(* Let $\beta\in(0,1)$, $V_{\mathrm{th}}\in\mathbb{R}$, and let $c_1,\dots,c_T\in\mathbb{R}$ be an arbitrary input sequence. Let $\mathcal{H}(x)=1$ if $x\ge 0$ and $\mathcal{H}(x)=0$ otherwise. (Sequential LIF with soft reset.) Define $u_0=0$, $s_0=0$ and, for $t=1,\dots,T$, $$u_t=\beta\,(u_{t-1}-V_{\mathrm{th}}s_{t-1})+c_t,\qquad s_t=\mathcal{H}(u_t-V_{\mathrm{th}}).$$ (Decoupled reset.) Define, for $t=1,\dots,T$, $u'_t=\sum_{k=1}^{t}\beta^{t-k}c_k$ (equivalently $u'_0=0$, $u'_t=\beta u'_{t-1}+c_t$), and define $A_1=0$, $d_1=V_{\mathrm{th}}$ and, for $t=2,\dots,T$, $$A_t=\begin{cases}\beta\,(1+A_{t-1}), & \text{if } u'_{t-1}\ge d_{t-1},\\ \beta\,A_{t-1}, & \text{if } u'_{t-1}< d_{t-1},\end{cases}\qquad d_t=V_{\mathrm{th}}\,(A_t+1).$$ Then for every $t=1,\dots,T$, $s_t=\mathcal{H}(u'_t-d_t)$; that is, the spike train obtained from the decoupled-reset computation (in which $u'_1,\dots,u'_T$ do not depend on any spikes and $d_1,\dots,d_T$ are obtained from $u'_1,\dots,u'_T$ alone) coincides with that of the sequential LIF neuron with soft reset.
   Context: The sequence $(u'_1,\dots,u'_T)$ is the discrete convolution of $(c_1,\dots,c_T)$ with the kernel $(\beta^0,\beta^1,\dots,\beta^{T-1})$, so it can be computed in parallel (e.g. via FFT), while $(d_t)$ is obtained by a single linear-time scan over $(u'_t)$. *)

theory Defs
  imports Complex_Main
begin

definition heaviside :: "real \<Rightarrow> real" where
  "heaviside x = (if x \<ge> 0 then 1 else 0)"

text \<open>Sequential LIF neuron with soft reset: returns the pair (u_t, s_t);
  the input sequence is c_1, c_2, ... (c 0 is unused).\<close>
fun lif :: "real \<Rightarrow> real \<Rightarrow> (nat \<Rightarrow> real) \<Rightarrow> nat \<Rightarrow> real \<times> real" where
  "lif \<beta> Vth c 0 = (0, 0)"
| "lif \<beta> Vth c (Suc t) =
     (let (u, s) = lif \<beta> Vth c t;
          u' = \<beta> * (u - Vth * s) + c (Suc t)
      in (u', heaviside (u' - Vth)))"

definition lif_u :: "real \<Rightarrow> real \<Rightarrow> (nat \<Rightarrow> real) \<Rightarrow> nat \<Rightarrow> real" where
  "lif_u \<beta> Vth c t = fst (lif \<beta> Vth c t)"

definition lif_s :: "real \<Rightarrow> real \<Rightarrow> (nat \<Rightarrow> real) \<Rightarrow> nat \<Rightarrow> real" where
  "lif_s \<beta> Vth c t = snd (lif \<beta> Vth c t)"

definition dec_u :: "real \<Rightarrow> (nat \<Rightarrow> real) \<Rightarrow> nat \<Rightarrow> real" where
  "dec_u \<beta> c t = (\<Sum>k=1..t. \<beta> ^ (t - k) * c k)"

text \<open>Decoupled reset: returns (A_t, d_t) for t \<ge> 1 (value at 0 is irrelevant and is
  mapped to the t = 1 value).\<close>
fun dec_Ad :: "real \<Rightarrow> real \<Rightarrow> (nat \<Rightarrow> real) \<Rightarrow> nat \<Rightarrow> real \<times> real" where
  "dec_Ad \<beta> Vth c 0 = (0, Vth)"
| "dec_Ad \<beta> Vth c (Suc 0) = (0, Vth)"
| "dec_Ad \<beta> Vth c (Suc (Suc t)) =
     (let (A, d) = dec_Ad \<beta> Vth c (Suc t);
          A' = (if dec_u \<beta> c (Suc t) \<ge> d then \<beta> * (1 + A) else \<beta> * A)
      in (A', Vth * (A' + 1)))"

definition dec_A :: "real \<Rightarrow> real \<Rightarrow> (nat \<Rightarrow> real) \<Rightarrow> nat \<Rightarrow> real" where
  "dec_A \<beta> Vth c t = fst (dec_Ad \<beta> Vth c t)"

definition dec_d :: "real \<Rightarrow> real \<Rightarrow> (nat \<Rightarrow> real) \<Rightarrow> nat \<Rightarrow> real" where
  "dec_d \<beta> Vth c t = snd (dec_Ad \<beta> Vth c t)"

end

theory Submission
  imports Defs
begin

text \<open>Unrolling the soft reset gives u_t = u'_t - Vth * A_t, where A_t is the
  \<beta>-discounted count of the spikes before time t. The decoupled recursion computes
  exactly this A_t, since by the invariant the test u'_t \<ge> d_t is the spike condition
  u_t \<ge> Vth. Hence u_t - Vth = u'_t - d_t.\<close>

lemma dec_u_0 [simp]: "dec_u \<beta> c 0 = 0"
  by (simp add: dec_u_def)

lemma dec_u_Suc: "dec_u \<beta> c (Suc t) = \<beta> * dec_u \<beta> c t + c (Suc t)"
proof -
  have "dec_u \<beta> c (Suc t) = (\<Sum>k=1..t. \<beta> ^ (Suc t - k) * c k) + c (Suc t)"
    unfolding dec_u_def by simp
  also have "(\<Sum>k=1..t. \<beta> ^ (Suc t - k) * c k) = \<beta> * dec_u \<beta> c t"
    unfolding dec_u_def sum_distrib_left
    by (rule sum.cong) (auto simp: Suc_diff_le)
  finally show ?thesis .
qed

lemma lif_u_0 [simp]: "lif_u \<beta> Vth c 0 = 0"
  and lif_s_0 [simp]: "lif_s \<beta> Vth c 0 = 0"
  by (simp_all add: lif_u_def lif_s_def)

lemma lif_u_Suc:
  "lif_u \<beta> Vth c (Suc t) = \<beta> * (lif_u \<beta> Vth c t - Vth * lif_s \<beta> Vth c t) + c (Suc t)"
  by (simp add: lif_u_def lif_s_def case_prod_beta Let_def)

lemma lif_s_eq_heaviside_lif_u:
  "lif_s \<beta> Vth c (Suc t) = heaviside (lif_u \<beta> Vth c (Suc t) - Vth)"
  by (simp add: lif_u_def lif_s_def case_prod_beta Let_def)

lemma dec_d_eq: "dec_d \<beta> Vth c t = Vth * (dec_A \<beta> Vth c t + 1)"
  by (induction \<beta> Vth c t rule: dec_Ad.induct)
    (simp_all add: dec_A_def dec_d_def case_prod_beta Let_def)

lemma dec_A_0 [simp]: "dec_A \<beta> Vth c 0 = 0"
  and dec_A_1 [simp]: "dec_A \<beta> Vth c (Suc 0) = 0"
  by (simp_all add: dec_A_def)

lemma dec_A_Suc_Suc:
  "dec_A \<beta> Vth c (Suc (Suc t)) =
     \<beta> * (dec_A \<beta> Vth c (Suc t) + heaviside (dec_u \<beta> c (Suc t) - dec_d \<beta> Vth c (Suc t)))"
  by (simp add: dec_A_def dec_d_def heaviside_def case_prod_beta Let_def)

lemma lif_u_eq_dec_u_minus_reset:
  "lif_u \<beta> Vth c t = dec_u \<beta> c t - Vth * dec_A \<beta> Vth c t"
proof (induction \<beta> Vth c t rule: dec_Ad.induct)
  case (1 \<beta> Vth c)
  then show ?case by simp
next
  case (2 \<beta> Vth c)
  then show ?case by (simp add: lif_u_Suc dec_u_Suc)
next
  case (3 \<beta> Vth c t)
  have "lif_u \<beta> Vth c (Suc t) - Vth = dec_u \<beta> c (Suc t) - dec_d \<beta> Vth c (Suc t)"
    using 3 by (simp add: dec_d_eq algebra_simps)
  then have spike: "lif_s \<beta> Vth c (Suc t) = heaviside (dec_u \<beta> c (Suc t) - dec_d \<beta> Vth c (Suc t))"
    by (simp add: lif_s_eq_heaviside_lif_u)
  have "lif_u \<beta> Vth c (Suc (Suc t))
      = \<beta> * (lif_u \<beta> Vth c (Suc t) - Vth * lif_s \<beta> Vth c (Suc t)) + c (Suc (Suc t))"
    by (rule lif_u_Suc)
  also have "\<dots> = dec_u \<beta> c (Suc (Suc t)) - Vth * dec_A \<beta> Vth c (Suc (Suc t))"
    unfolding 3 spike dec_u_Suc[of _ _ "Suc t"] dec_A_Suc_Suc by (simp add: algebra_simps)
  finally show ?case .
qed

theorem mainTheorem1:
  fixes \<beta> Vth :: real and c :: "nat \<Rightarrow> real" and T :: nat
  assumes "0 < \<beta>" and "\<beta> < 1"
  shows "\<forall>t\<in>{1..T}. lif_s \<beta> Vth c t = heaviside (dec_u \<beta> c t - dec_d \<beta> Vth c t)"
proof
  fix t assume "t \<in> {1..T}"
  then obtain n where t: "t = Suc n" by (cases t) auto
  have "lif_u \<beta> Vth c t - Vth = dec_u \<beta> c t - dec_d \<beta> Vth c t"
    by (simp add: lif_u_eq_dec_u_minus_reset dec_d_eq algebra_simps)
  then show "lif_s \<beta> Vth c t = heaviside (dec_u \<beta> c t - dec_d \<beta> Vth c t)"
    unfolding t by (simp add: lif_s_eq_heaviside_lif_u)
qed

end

• [Exercise directions] The response must contain every line from the listing above in which the string "open" appears.

• [Completed exercise]
text \<open>Sequential LIF neuron with soft reset: returns the pair (u_t, s_t);
text \<open>Decoupled reset: returns (A_t, d_t) for t \<ge> 1 (value at 0 is irrelevant and is
text \<open>Unrolling the soft reset gives u_t = u'_t - Vth * A_t, where A_t is the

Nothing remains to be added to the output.